Rep. George Miller (D-CA) and 93 co-sponsors introduced the Lilly Ledbetter Fair Pay Act last month to restore anti-discrimination protection for workers after the Supreme Court’s May decision in Ledbetter v. Goodyear Tire and Rubber Co. undermined the intent of Title VII of the 1964 Civil Rights Act.
The Court ruled that Lilly Ledbetter, a 19-year career employee of Goodyear who was systematically discriminated against, was ineligible for compensation because she had not filed suit within 180 days of the actual decision to discriminate against her. This was a distortion of the intent of Congress when it passed the Civil Rights Act of 1964 and a contradiction of 33 years of precedent and practice.
In his continued ideological assault on workers’ and civil rights, President Bush has threatened to veto the bipartisan Lilly Ledbetter Fair Pay Act if passed into law. The president’s statement of explanation of his threat brazenly misrepresents the bill.
President Bush said in his statement:
…H.R. 2831 purports to undo the Supreme Court’s decision of May 29, 2007, in Ledbetter v. Goodyear Tire & Rubber Co. by permitting pay discrimination claims to be brought within 180 days not of a discriminatory pay decision, which is the rule under current law, but rather within 180 days of receiving any paycheck affected by such a decision, no matter how far in the past the underlying act of discrimination allegedly occurred. As a result, this legislation effectively eliminates any time requirement for filing a claim involving compensation discrimination. Allegations from thirty years ago or more could be resurrected and filed in federal courts.

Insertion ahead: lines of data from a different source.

lemma separates_sym: "separates V E S C D \<Longrightarrow> separates V E S D C"
  unfolding separates_def by blast

lemma separating_set_separates:
  assumes "simple_graph V E" and "separating_set V E S"
  obtains C D where "separates V E S C D"
proof -
  obtain x y where xy: "x \<in> V - S" "y \<in> V - S" "\<not> reachable_in (V - S) E x y"
    using assms(2) unfolding separating_set_def disconnected_def by blast
  define C where "C = {v \<in> V - S. reachable_in (V - S) E x v}"
  have C_closed: "v \<in> C" if "u \<in> C" "v \<in> V - S" "E u v \<or> E v u" for u v
  proof -
    have "E u v"
      using that assms(1) unfolding simple_graph_def by blast
    then show ?thesis
      using that unfolding C_def reachable_in_def by (auto intro: rtranclp.rtrancl_into_rtrancl)
  qed
  have "x \<in> C" and "y \<notin> C"
    using xy unfolding C_def reachable_in_def by auto
  then have "separates V E S C (V - S - C)"
    using xy C_closed unfolding separates_def C_def by blast
  then show thesis ..
qed

lemma minimal_separating_set_neighbour:
  assumes "simple_graph V E" and "minimal_separating_set V E S"
    and "separates V E S C D" and "a \<in> S"
  shows "\<exists>c\<in>C. E a c"
proof -
  define W where "W = V - (S - {a})"
  have "\<not> separating_set V E (S - {a})"
    using assms(2,4) unfolding minimal_separating_set_def by blast
  then have connected: "reachable_in W E u v" if "u \<in> V - S" "v \<in> V - S" for u v
    using assms(2) that unfolding minimal_separating_set_def separating_set_def
      disconnected_def W_def by blast
  obtain c d where "c \<in> C" "d \<in> D"
    using assms(3) unfolding separates_def by blast
  have "w \<in> C \<or> (\<exists>c\<in>C. E c a)" if "reachable_in W E c w" for w
    using that unfolding reachable_in_def
  proof (induction rule: rtranclp_induct)
    case base
    then show ?case using \<open>c \<in> C\<close> by simp
  next
    case (step y z)
    then show ?case
      using assms(3) unfolding separates_def W_def by blast
  qed
  moreover have "d \<notin> C"
    using \<open>d \<in> D\<close> assms(3) unfolding separates_def by blast
  moreover have "c \<in> V - S" "d \<in> V - S"
    using \<open>c \<in> C\<close> \<open>d \<in> D\<close> assms(3) unfolding separates_def by blast+
  ultimately obtain c' where "c' \<in> C" "E c' a"
    using connected by blast
  then show ?thesis
    using assms(1) unfolding simple_graph_def by blast
qed

lemma vertex_critical_colouring_avoiding:
  assumes "simple_graph V E" and "vertex_critical V E"
    and "y \<in> V" and "P \<subseteq> V - {y}"
  shows "\<exists>f. proper_colouring P E (chromatic_number V E - 1) f"
proof -
  obtain f where "proper_colouring (V - {y}) E (chromatic_number (V - {y}) E) f"
    using proper_colouring_chromatic_number[of "V - {y}" E] assms(1)
    unfolding simple_graph_def by auto
  moreover have "chromatic_number (V - {y}) E \<le> chromatic_number V E - 1"
    using assms(2,3) unfolding vertex_critical_def by fastforce
  ultimately show ?thesis
    using assms(4) proper_colouring_mono by blast
qed

lemma double_critical_colouring_with_class:
  assumes "simple_graph V E" and "double_critical V E"
    and "E a x" and "a \<in> A" and "A \<subseteq> P" and "P \<subseteq> V - {x}" and "edgeless_on A E"
  shows "\<exists>f. proper_colouring P E (chromatic_number V E - 1) f \<and>
    (\<forall>u\<in>A. \<forall>v\<in>P. f u = f v \<longleftrightarrow> v \<in> A)"
proof -
  let ?k = "chromatic_number V E"
  have "a \<in> V" "x \<in> V"
    using assms(1,3) unfolding simple_graph_def by auto
  then have k: "chromatic_number (V - {a, x}) E + 2 \<le> ?k"
    using assms(2,3) unfolding double_critical_def by blast
  obtain c where c: "proper_colouring (V - {a, x}) E (chromatic_number (V - {a, x}) E) c"
    using proper_colouring_chromatic_number[of "V - {a, x}" E] assms(1)
    unfolding simple_graph_def by auto
  have c_less: "c v < ?k - 2" if "v \<in> P - A" for v
  proof -
    have "v \<in> V - {a, x}"
      using that assms(4-6) by auto
    then show ?thesis
      using c k unfolding proper_colouring_def by force
  qed
  define f where "f v = (if v \<in> A then ?k - 2 else c v)" for v
  have "proper_colouring P E (?k - 1) f"
    unfolding proper_colouring_def
  proof (intro conjI ballI impI)
    fix v assume "v \<in> P"
    then show "f v < ?k - 1"
      using c_less[of v] k unfolding f_def by (cases "v \<in> A") auto
  next
    fix u v assume uv: "u \<in> P" "v \<in> P" "E u v"
    then have "u \<notin> A \<or> v \<notin> A"
      using assms(7) unfolding edgeless_on_def by blast
    moreover have "c u \<noteq> c v" if "u \<notin> A" "v \<notin> A"
    proof -
      have "u \<in> V - {a, x}" "v \<in> V - {a, x}"
        using uv that assms(4-6) by auto
      then show ?thesis
        using uv c unfolding proper_colouring_def by blast
    qed
    ultimately show "f u \<noteq> f v"
      using uv c_less[of u] c_less[of v] unfolding f_def by (cases "u \<in> A"; cases "v \<in> A") auto
  qed
  moreover have "\<forall>u\<in>A. \<forall>v\<in>P. f u = f v \<longleftrightarrow> v \<in> A"
    using c_less unfolding f_def by (metis Diff_iff less_irrefl)
  ultimately show ?thesis by blast
qed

President Bush’s representation of the bill is wholly misleading. The Lilly Ledbetter Fair Pay Act is intended to close an apparent loophole that, until this recent Supreme Court decision, had never been used in the 33-year history of Title VII of the Civil Rights Act of 1964. The new bill would simply and explicitly state that an employee alleging discrimination may file a grievance within 180 days of the issuance of a paycheck that is impacted in part or in full by a previous decision to discriminate.
A veto of the Lilly Ledbetter Fair Pay Act would signal support for a broken labor market that is more and more unfriendly to working families, minorities, and particularly women. Wielding the veto pen on this law would be a written endorsement of employment practices that have perpetuated a wage gap whereby a woman earns just 77 cents for every dollar a man earns.